Mannophryne oblitterata
- Conservation status: Near Threatened (IUCN 3.1)

Scientific classification
- Kingdom: Animalia
- Phylum: Chordata
- Class: Amphibia
- Order: Anura
- Family: Aromobatidae
- Genus: Mannophryne
- Species: M. oblitterata
- Binomial name: Mannophryne oblitterata (Rivero, 1984)
- Synonyms: Colostethus guatopoensis Dixon & Rivero-Blanco, 1985

= Mannophryne oblitterata =

- Authority: (Rivero, 1984)
- Conservation status: NT
- Synonyms: Colostethus guatopoensis Dixon & Rivero-Blanco, 1985

Species of frog

Mannophryne oblitterata is a species of frog in the family Aromobatidae. It is endemic to Venezuela.

==Habitat==
This diurnal, riparian frog lives near streams on mountains and in low places. It has also been found in metal water culverts, so scientists believe it may tolerate some habitat disturbance. Scientists saw the frog between 131 and 734 meters above sea level.
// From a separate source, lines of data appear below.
lemma cycle_word_surj:
  assumes p: "p permutes {1..n}"
  shows "\<exists>\<pi> \<in> cycles (n + 1). cycle_word n \<pi> = p"
proof -
  define cs where "cs = 1 # map (\<lambda>i. p i + 1) (rev [1..<n + 1])"
  have nth: "cs ! k = p (n + 1 - k) + 1" if "1 \<le> k" "k \<le> n" for k
    using that by (cases k) (simp_all add: cs_def rev_nth Suc_diff_Suc del: upt_Suc)
  have p_range: "p i \<in> {1..n}" if "i \<in> {1..n}" for i
    using permutes_in_image[OF p] that by blast
  have "1 \<notin> (\<lambda>i. p i + 1) ` {1..n}" "inj_on (\<lambda>i. p i + 1) {1..n}"
    using p_range permutes_inj_on[OF p] by (force, auto simp: inj_on_def)
  then have "distinct cs"
    by (simp add: cs_def distinct_map atLeastLessThanSuc_atLeastAtMost del: upt_Suc)
  moreover have "set cs = {1..n + 1}"
  proof -
    have "(\<lambda>i. p i + 1) ` {1..n} = Suc ` p ` {1..n}"
      by (auto simp: image_image)
    also have "\<dots> = {2..n + 1}"
      using permutes_image[OF p] by simp
    finally show ?thesis
      by (auto simp: cs_def atLeastLessThanSuc_atLeastAtMost simp del: upt_Suc)
  qed
  ultimately have \<pi>: "cycle_of_list cs \<in> cycles (n + 1)"
    by (intro cycle_of_list_in_cycles) (simp_all add: cs_def)
  have "cycle_word n (cycle_of_list cs) = p"
  proof
    fix i
    show "cycle_word n (cycle_of_list cs) i = p i"
    proof (cases "i \<in> {1..n}")
      case True
      then have "(cycle_of_list cs ^^ (n + 1 - i)) 1 = cs ! (n + 1 - i)"
        using funpow_cycle_of_list_hd[OF \<open>distinct cs\<close>, of "n + 1 - i"]
        by (simp add: cs_def)
      also have "\<dots> = p i + 1"
        using nth[of "n + 1 - i"] True by auto
      finally show ?thesis
        using True by (simp add: cycle_word_apply)
    next
      case False
      then show ?thesis
        using permutes_not_in[OF p False] cycle_word_outside[OF False] by simp
    qed
  qed
  with \<pi> show ?thesis
    by blast
qed

lemma cycle_word_bij: "bij_betw (cycle_word n) (cycles (n + 1)) (perms n)"
proof -
  have "cycle_word n ` cycles (n + 1) = perms n"
  proof
    show "cycle_word n ` cycles (n + 1) \<subseteq> perms n"
      using cycle_word_permutes by (auto simp: perms_def)
    show "perms n \<subseteq> cycle_word n ` cycles (n + 1)"
      using cycle_word_surj by (auto simp: perms_def image_iff)
  qed
  with cycle_word_inj show ?thesis
    by (simp add: bij_betw_def)
qed

lemma cycle_word_descent_iff:
  assumes \<pi>: "\<pi> \<in> cycles (n + 1)" and i: "2 \<le> i" "i \<le> n"
  shows "cycle_word n \<pi> i < cycle_word n \<pi> (i - 1)
    \<longleftrightarrow> (\<pi> ^^ (n + 1 - i)) 1 < \<pi> ((\<pi> ^^ (n + 1 - i)) 1)"
proof -
  let ?x = "(\<pi> ^^ (n + 1 - i)) 1"
  have previous: "i - 1 \<in> {1..n}" "n + 1 - (i - 1) = Suc (n + 1 - i)"
    using i by auto
  have "cycle_word n \<pi> i = ?x - 1"
    using i by (simp add: cycle_word_apply)
  moreover have "cycle_word n \<pi> (i - 1) = \<pi> ?x - 1"
    using previous by (simp only: cycle_word_apply funpow.simps comp_apply)
  moreover have "1 \<le> ?x" "1 \<le> \<pi> ?x"
    using cycles_funpow_1_in[OF \<pi>, of "n + 1 - i"] cycles_funpow_1_in[OF \<pi>, of "Suc (n + 1 - i)"]
    by auto
  ultimately show ?thesis
    by (simp add: less_diff_iff)
qed
(* For every $V_{\sf P}\ge \tfrac13$, $$\lim_{\delta\to1}\lim_{p\to0}\frac{{\sf Util}({\sf PEAR})-{\sf Util}({\sf APP})}{{\sf Util}({\sf APP})}\ \ge\ \frac{1}{V_{\sf P}+1}.$$
   Context: Model. Time $t=0,1,2,\dots$, discount factor $\delta\in[0,1)$. Two item types, popular ${\sf P}$ and niche ${\sf N}$, infinitely many items each; at each time $t$ the platform recommends a set $\pi_t$ of two fresh items of chosen types. Utility of item $i$: $u_i=V_{\tau(i)}+\epsilon_i$; outside option: $u_\emptyset=\epsilon_\emptyset$; all noises i.i.d. Gumbel with scale $1$ and mean $0$. User chooses $c_t=\arg\max_{j\in\pi_t\cup\{\emptyset\}}u_j$. $V_{\sf P}$ is a known constant; $V_{\sf N}$ is drawn once, fixed over time, independent of noise, with $\mathbb P(V_{\sf N}=(1-p)/p)=p$, $\mathbb P(V_{\sf N}=-1)=1-p$, $p\in(0,1)$. ${\sf Util}(\pi)=\sum_{t\ge0}\delta^t\mathbb E[\max_{j\in\pi_t\cup\{\emptyset\}}u_j]$ (expectation also over $V_{\sf N}$). ${\sf APP}$ recommends two popular items at every time. Policy ${\sf PEAR}$: let $\rho_1=\frac{e^{(1-p)/p}}{1+e^{V_{\sf P}}+e^{(1-p)/p}}$, $\rho_2=\frac{e^{-1}}{1+e^{V_{\sf P}}+e^{-1}}$. Maintain counters $S,F$ (initially $0$) and $p_0=p$. At each time $t$: if $p_t\ge p$, recommend one popular and one niche item; if the niche item is chosen increment $S$, otherwise increment $F$. If $p_t<p$, recommend two popular items. Then set $p_{t+1}=\left(1+\frac{1-p}{p}\cdot\frac{\rho_2^S(1-\rho_2)^F}{\rho_1^S(1-\rho_1)^F}\right)^{-1}$. *)

theory Defs
  imports "HOL-Probability.Probability"
begin

text \<open>Expected value of the maximum of mean-zero, scale-1 Gumbel-perturbed utilities
  over a recommended set with mean values vs plus the outside option (mean 0):
  E[max] = ln (1 + sum of exp V_j) (standard Gumbel/logit fact).\<close>
definition gumbel_emax :: "real list \<Rightarrow> real" where
  "gumbel_emax vs = ln (1 + sum_list (map exp vs))"

text \<open>Probability that the niche item (mean value v) is chosen when the set
  {popular, niche} is recommended (multinomial logit choice probability).\<close>
definition rho :: "real \<Rightarrow> real \<Rightarrow> real" where
  "rho VP v = exp v / (1 + exp VP + exp v)"

definition vgood :: "real \<Rightarrow> real" where
  "vgood p = (1 - p) / p"

definition niche_pmf :: "real \<Rightarrow> real pmf" where
  "niche_pmf p = map_pmf (\<lambda>b. if b then vgood p else -1) (bernoulli_pmf p)"

text \<open>PEAR's posterior after S successes and F failures (p_0 = p for S = F = 0).\<close>
definition post :: "real \<Rightarrow> real \<Rightarrow> nat \<Rightarrow> nat \<Rightarrow> real" where
  "post VP p S F = inverse (1 + (1 - p) / p *
      ((rho VP (-1)) ^ S * (1 - rho VP (-1)) ^ F) /
      ((rho VP (vgood p)) ^ S * (1 - rho VP (vgood p)) ^ F))"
The frog's known range overlaps with one protected park: Guatopo National Park.

==Reproduction==
The male frogs hide under rocks and call to the female frogs. Scientists infer that the female frog lays eggs on the leaf litter near streams. After the eggs hatch, the male frogs carry the tadpoles to water.

==Threats==
This frog is classified as near threatend by the IUCN and as data deficient by the Venezuelan Fauna Red List. Its principal threats are habitat loss, including habitat loss in favor of agriculture. Scientists have not yet reported the fungus Batrachochytrium dendrobatidis on this species, so they do not know how much of a threat the fungal disease chytridiomycosis may pose.